TASK:
Give again, word for word, each line below starting at the one that contains "L \<longleftrightarrow> is_lpts L" and ending at the one that contains "s2) = \<mu>1 s1)".
-- RECORD EXTRACTS follows --
(* Let $\mathcal{P}$ be a finite nonempty set and $\mathcal{N}$ a finite set of stochastic trees. If there exists an LPTS with $k$ states that is consistent with $\mathcal{P}$ and $\mathcal{N}$, then there is a consistent partition of $S_\mathcal{P}$ with at most $2^k$ classes.
   Context: An LPTS is a tuple $\langle S,s^0,\alpha,\tau\rangle$ with finite state set $S$, start state $s^0$, finite action set $\alpha$, finite $\tau\subseteq S\times\alpha\times\mathrm{Dist}(S)$, where $\mathrm{Dist}(S)$ is the set of discrete probability distributions over $S$ (rational probabilities); write $s\xrightarrow{a}\mu$. A stochastic tree is an LPTS whose start state is in the support of no transition's distribution and every other state is in the support of exactly one transition's distribution. Strong simulation: for $\mu_1\in\mathrm{Dist}(S_1)$, $\mu_2\in\mathrm{Dist}(S_2)$, $R\subseteq S_1\times S_2$, $\mu_1\sqsubseteq_R\mu_2$ iff there is $w:S_1\times S_2\to\mathbb{Q}\cap[0,1]$ with $\sum_{s_2}w(s_1,s_2)=\mu_1(s_1)$, $\sum_{s_1}w(s_1,s_2)=\mu_2(s_2)$ and $w(s_1,s_2)>0\Rightarrow s_1Rs_2$; $R$ is a strong simulation iff $s_1Rs_2$ and $s_1\xrightarrow{a}\mu_1$ imply some $s_2\xrightarrow{a}\mu_2$ with $\mu_1\sqsubseteq_R\mu_2$; $L_1\preceq L_2$ iff a strong simulation relates the start states. An LPTS $L$ is consistent with $\mathcal{P},\mathcal{N}$ iff $P\preceq L$ for all $P\in\mathcal{P}$ and $N\not\preceq L$ for all $N\in\mathcal{N}$. $S_\mathcal{P}$ is the (disjoint) union of the state sets of the trees in $\mathcal{P}$. For a partition $\Pi$ of $S_\mathcal{P}$ with classes $E_\Pi$ and class $[s]$ of $s$, in which all start states of trees in $\mathcal{P}$ lie in one class, the quotient $\mathcal{P}/\Pi$ is the LPTS with states $E_\Pi$, start state that common class, actions $\bigcup_{P\in\mathcal{P}}\alpha_P$, and a transition $e\xrightarrow{a}\mu$ iff some $P\in\mathcal{P}$ has $s\xrightarrow{a}\mu_p$ with $[s]=e$ and $\mu(e')=\sum_{s'\in e'}\mu_p(s')$ for all $e'$. Such a partition $\Pi$ is consistent iff $N\not\preceq\mathcal{P}/\Pi$ for every $N\in\mathcal{N}$; its size is the number of classes. *)

theory Defs
  imports Complex_Main "HOL-Library.Disjoint_Sets"
begin

record ('s, 'a) lpts =
  states :: "'s set"
  start  :: 's
  acts   :: "'a set"
  trans  :: "('s \<times> 'a \<times> ('s \<Rightarrow> rat)) set"

definition Dist :: "'s set \<Rightarrow> ('s \<Rightarrow> rat) set" where
  "Dist S = {\<mu>. (\<forall>s. 0 \<le> \<mu> s) \<and> (\<forall>s. s \<notin> S \<longrightarrow> \<mu> s = 0) \<and> sum \<mu> S = 1}"

definition is_lpts :: "('s, 'a) lpts \<Rightarrow> bool" where
  "is_lpts L \<longleftrightarrow> finite (states L) \<and> start L \<in> states L \<and> finite (acts L)
     \<and> finite (trans L)
     \<and> trans L \<subseteq> states L \<times> acts L \<times> Dist (states L)"

definition is_stochastic_tree :: "('s, 'a) lpts \<Rightarrow> bool" where
  "is_stochastic_tree L \<longleftrightarrow> is_lpts L
     \<and> (\<forall>(s, a, \<mu>) \<in> trans L. \<mu> (start L) = 0)
     \<and> (\<forall>t \<in> states L - {start L}. \<exists>!tr. tr \<in> trans L \<and> (snd (snd tr)) t > 0)"

definition lift_rel ::
  "('s1 \<times> 's2) set \<Rightarrow> 's1 set \<Rightarrow> 's2 set \<Rightarrow> ('s1 \<Rightarrow> rat) \<Rightarrow> ('s2 \<Rightarrow> rat) \<Rightarrow> bool" where
  "lift_rel R S1 S2 \<mu>1 \<mu>2 \<longleftrightarrow> (\<exists>w :: 's1 \<Rightarrow> 's2 \<Rightarrow> rat.
      (\<forall>x y. 0 \<le> w x y \<and> w x y \<le> 1)
    \<and> (\<forall>s1 \<in> S1. (\<Sum>s2 \<in> S2. w s1 s2) = \<mu>1 s1)
    \<and> (\<forall>s2 \<in> S2. (\<Sum>s1 \<in> S1. w s1 s2) = \<mu>2 s2)
    \<and> (\<forall>x y. w x y > 0 \<longrightarrow> (x, y) \<in> R))"

definition strong_simulation :: "('s1 \<times> 's2) set \<Rightarrow> ('s1, 'a) lpts \<Rightarrow> ('s2, 'a) lpts \<Rightarrow> bool" where
  "strong_simulation R L1 L2 \<longleftrightarrow> R \<subseteq> states L1 \<times> states L2
     \<and> (\<forall>s1 s2 a \<mu>1. (s1, s2) \<in> R \<and> (s1, a, \<mu>1) \<in> trans L1 \<longrightarrow>
           (\<exists>\<mu>2. (s2, a, \<mu>2) \<in> trans L2 \<and> lift_rel R (states L1) (states L2) \<mu>1 \<mu>2))"
lemma P4_optimal_cong:
  assumes "\<And>i. i \<in> {1..M} \<Longrightarrow> t1 i = t1' i"
  shows "P4_optimal M N gamma theta a Emax t0 t1 t2 E = P4_optimal M N gamma theta a Emax t0 t1' t2 E"
proof -
  have "(\<Sum>i=1..M. t1 i) = (\<Sum>i=1..M. t1' i)"
    and "(\<Sum>i=1..M. rate (gamma i) t0 (t1 i)) = (\<Sum>i=1..M. rate (gamma i) t0 (t1' i))"
    using assms by (auto intro: sum.cong)
  with assms show ?thesis unfolding P4_optimal_def P4_feasible_def P4_obj_def by auto
qed

locale P4_instance =
  fixes M N :: nat and gamma theta :: "nat \<Rightarrow> real" and a Emax A1 A2 :: real
  assumes M_pos: "M \<ge> 1" and N_pos: "N \<ge> 1"
    and gamma_pos: "\<And>i. i \<in> {1..M} \<Longrightarrow> gamma i > 0"
    and theta_pos: "\<And>j. j \<in> {1..N} \<Longrightarrow> theta j > 0"
    and a_pos: "a > 0" and Emax_pos: "Emax > 0"
    and sum_gamma: "(\<Sum>i=1..M. gamma i) = A1"
    and sum_theta: "(\<Sum>j=1..N. theta j) = A2"
begin

lemma A1_pos: "A1 > 0"
  unfolding sum_gamma[symmetric] using M_pos gamma_pos by (intro sum_pos) auto

lemma A2_pos: "A2 > 0"
  unfolding sum_theta[symmetric] using N_pos theta_pos by (intro sum_pos) auto

lemma gamma_nonneg: "i \<in> {1..M} \<Longrightarrow> gamma i \<ge> 0"
  using gamma_pos less_imp_le by blast

lemma theta_nonneg: "j \<in> {1..N} \<Longrightarrow> theta j \<ge> 0"
  using theta_pos less_imp_le by blast

lemma optimal_without_group2:
  assumes "x1 > 1" "fP4 x1 = A1 - a / real N * A2" "Emax \<le> a * (x1 - 1) / (A1 + x1 - 1)"
  shows "P4_optimal M N gamma theta a Emax (Emax / a) (\<lambda>i. gamma i / A1 * (1 - Emax / a)) (\<lambda>j. 0) 0"
proof -
  define t0 where "t0 = Emax / a"
  have "t0 > 0" using Emax_pos a_pos by (simp add: t0_def)
  have t0_x1: "t0 * (A1 + x1 - 1) \<le> x1 - 1"
    using assms(1,3) A1_pos a_pos by (simp add: t0_def field_simps)
  hence "t0 < 1" using A1_pos assms(1) by (smt (verit) mult_le_cancel_right1)
  text \<open>The energy budget binds, so the tangent point is not xs but the y with
    gamma i * t0 = (y - 1) * t1 i; the energy price \<nu> makes up the difference.\<close>
  define y where "y = 1 + A1 * t0 / (1 - t0)"
  have "y > 1" using A1_pos \<open>t0 > 0\<close> \<open>t0 < 1\<close> by (simp add: y_def)
  have "A1 * t0 \<le> (x1 - 1) * (1 - t0)" using t0_x1 by (simp add: algebra_simps)
  hence "y \<le> x1" using \<open>t0 < 1\<close> by (simp add: y_def field_simps)
  hence fy: "a / real N * A2 \<le> A1 - fP4 y" using fP4_mono[of y x1] \<open>y > 1\<close> assms(2) by simp
  show ?thesis unfolding t0_def[symmetric]
  proof (rule P4_optimal_by_KKT[where x = y and nu = "(A1 - fP4 y) / a"], unfold sum_gamma sum_theta)
    have "(\<Sum>i=1..M. gamma i / A1 * (1 - t0)) = (\<Sum>i=1..M. gamma i) / A1 * (1 - t0)"
      by (simp add: sum_distrib_right sum_divide_distrib)
    also have "\<dots> = 1 - t0" unfolding sum_gamma using A1_pos by simp
    finally have "(\<Sum>i=1..M. gamma i / A1 * (1 - t0)) = 1 - t0" .
    thus "t0 + (\<Sum>i=1..M. gamma i / A1 * (1 - t0)) + (\<Sum>j=1..N. 0) = 1" by simp
    thus "P4_feasible M N a Emax t0 (\<lambda>i. gamma i / A1 * (1 - t0)) (\<lambda>j. 0) 0"
      using \<open>t0 > 0\<close> \<open>t0 < 1\<close> gamma_pos A1_pos a_pos
      by (auto simp: P4_feasible_def t0_def less_imp_le)
    have "0 < a / real N * A2" using a_pos N_pos A2_pos by simp
    thus "0 \<le> (A1 - fP4 y) / a" using fy a_pos by simp
    show "A2 \<le> real N * ((A1 - fP4 y) / a)"
      using fy N_pos a_pos by (simp add: field_simps)
    show "\<And>i. i \<in> {1..M} \<Longrightarrow> gamma i * t0 = (y - 1) * (gamma i / A1 * (1 - t0))"
      using A1_pos \<open>t0 < 1\<close> by (simp add: y_def field_simps)
  qed (use a_pos gamma_nonneg theta_nonneg \<open>y > 1\<close> in \<open>auto simp: t0_def\<close>)
qed

lemma optimal_without_group2_min_max:
  assumes "xs > 1" "fP4 xs = A1"
    and "x1 > 1" "fP4 x1 = A1 - a / real N * A2" "Emax \<le> a * (x1 - 1) / (A1 + x1 - 1)"
  shows "P4_optimal M N gamma theta a Emax
           (min ((xs - 1) / (A1 + xs - 1)) (Emax / a))
           (\<lambda>i. max (gamma i / (A1 + xs - 1)) (gamma i / A1 * (1 - Emax / a)))
           (\<lambda>j. 0) 0"
proof -
  have "x1 < xs"
  proof (rule ccontr)
    assume "\<not> x1 < xs"
    hence "fP4 xs \<le> fP4 x1" using assms(1) by (intro fP4_mono) auto
    moreover have "0 < a / real N * A2" using a_pos N_pos A2_pos by simp
    ultimately show False using assms(2,4) by simp
  qed
  have "Emax / a \<le> (x1 - 1) / (A1 + x1 - 1)"
    using assms(3,5) A1_pos a_pos by (simp add: field_simps)
  also have "\<dots> \<le> (xs - 1) / (A1 + xs - 1)"
    using \<open>x1 < xs\<close> assms(3) A1_pos by (simp add: divide_simps algebra_simps)
  finally have t0: "Emax / a \<le> (xs - 1) / (A1 + xs - 1)" .
  have "max (gamma i / (A1 + xs - 1)) (gamma i / A1 * (1 - Emax / a)) = gamma i / A1 * (1 - Emax / a)"
    if "i \<in> {1..M}" for i
  proof -
    have "gamma i / (A1 + xs - 1) = gamma i / A1 * (1 - (xs - 1) / (A1 + xs - 1))"
      using A1_pos assms(1) by (simp add: field_simps)
    also have "\<dots> \<le> gamma i / A1 * (1 - Emax / a)"
      using t0 gamma_nonneg[OF that] A1_pos by (intro mult_left_mono) auto
    finally show ?thesis by simp
  qed
  hence "P4_optimal M N gamma theta a Emax (Emax / a)
           (\<lambda>i. max (gamma i / (A1 + xs - 1)) (gamma i / A1 * (1 - Emax / a))) (\<lambda>j. 0) 0
       = P4_optimal M N gamma theta a Emax (Emax / a)
           (\<lambda>i. gamma i / A1 * (1 - Emax / a)) (\<lambda>j. 0) 0"
    by (intro P4_optimal_cong) simp
  with t0 optimal_without_group2[OF assms(3-5)] show ?thesis by simp
qed

lemma optimal_both_groups:
  assumes "x1 > 1" "fP4 x1 = A1 - a / real N * A2"
    and "a * (x1 - 1) / (A1 + x1 - 1) \<le> Emax" "Emax \<le> real N / A2 * (x1 - 1)"
    and D: "D = real N * (x1 - 1 + A1) - a * A2"
  shows "P4_optimal M N gamma theta a Emax
           ((real N * (x1 - 1) - Emax * A2) / D)
           (\<lambda>i. gamma i * (real N * (x1 - 1) - Emax * A2) / ((x1 - 1) * D))
           (\<lambda>j. theta j * (Emax * (x1 - 1 + A1) - a * (x1 - 1)) / ((x1 - 1) * D))
           ((Emax * (x1 - 1 + A1) - a * (x1 - 1)) / D)"
proof -
  define P where "P = real N * (x1 - 1) - Emax * A2"
  define Q where "Q = Emax * (x1 - 1 + A1) - a * (x1 - 1)"
  have "a / real N * A2 \<le> A1" using assms(2) fP4_nonneg[of x1] assms(1) by simp
  hence "a * A2 \<le> real N * A1" using N_pos by (simp add: field_simps)
  moreover have "real N * (x1 - 1) > 0" using assms(1) N_pos by simp
  ultimately have "D > 0" by (simp add: D algebra_simps)
  have "P \<ge> 0" using assms(4) A2_pos by (simp add: P_def field_simps)
  have "Q \<ge> 0" using assms(1,3) A1_pos by (simp add: Q_def field_simps)
  have sum1: "(\<Sum>i=1..M. gamma i * P / ((x1 - 1) * D)) = A1 * P / ((x1 - 1) * D)"
    unfolding sum_gamma[symmetric] by (simp add: sum_divide_distrib sum_distrib_right)
  have sum2: "(\<Sum>j=1..N. theta j * Q / ((x1 - 1) * D)) = A2 * Q / ((x1 - 1) * D)"
    unfolding sum_theta[symmetric] by (simp add: sum_divide_distrib sum_distrib_right)
  have time: "P / D + A1 * P / ((x1 - 1) * D) + A2 * Q / ((x1 - 1) * D) = 1"
  proof -
    have "P / D = P * (x1 - 1) / ((x1 - 1) * D)" using assms(1) by simp
    hence "P / D + A1 * P / ((x1 - 1) * D) + A2 * Q / ((x1 - 1) * D)
        = (P * (x1 - 1) + A1 * P + A2 * Q) / ((x1 - 1) * D)"
      by (simp add: add_divide_distrib)
    also have "P * (x1 - 1) + A1 * P + A2 * Q = (x1 - 1) * D"
      by (simp add: P_def Q_def D algebra_simps)
    finally show ?thesis using assms(1) \<open>D > 0\<close> by simp
  qed
  have energy: "a * (P / D) + real N * (Q / D) = Emax"
  proof -
    have "a * P + real N * Q = Emax * D" by (simp add: P_def Q_def D algebra_simps)
    thus ?thesis using \<open>D > 0\<close> by (simp add: field_simps)
  qed
  show ?thesis unfolding P_def[symmetric] Q_def[symmetric]
  proof (rule P4_optimal_by_KKT[where x = x1 and nu = "A2 / real N"], unfold sum_gamma sum_theta)
    show "P4_feasible M N a Emax (P / D) (\<lambda>i. gamma i * P / ((x1 - 1) * D))
        (\<lambda>j. theta j * Q / ((x1 - 1) * D)) (Q / D)"
      unfolding P4_feasible_def using \<open>P \<ge> 0\<close> \<open>Q \<ge> 0\<close> \<open>D > 0\<close> assms(1)
        gamma_nonneg theta_nonneg sum1 sum2 time energy
      by auto
  qed (use assms(1,2) N_pos gamma_nonneg theta_nonneg A2_pos sum1 sum2 time energy in auto)
qed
-- RECORD EXTRACTS concluded --
EXERCISE RESPONSE:
  "is_stochastic_tree L \<longleftrightarrow> is_lpts L
     \<and> (\<forall>(s, a, \<mu>) \<in> trans L. \<mu> (start L) = 0)
     \<and> (\<forall>t \<in> states L - {start L}. \<exists>!tr. tr \<in> trans L \<and> (snd (snd tr)) t > 0)"

definition lift_rel ::
  "('s1 \<times> 's2) set \<Rightarrow> 's1 set \<Rightarrow> 's2 set \<Rightarrow> ('s1 \<Rightarrow> rat) \<Rightarrow> ('s2 \<Rightarrow> rat) \<Rightarrow> bool" where
  "lift_rel R S1 S2 \<mu>1 \<mu>2 \<longleftrightarrow> (\<exists>w :: 's1 \<Rightarrow> 's2 \<Rightarrow> rat.
      (\<forall>x y. 0 \<le> w x y \<and> w x y \<le> 1)
    \<and> (\<forall>s1 \<in> S1. (\<Sum>s2 \<in> S2. w s1 s2) = \<mu>1 s1)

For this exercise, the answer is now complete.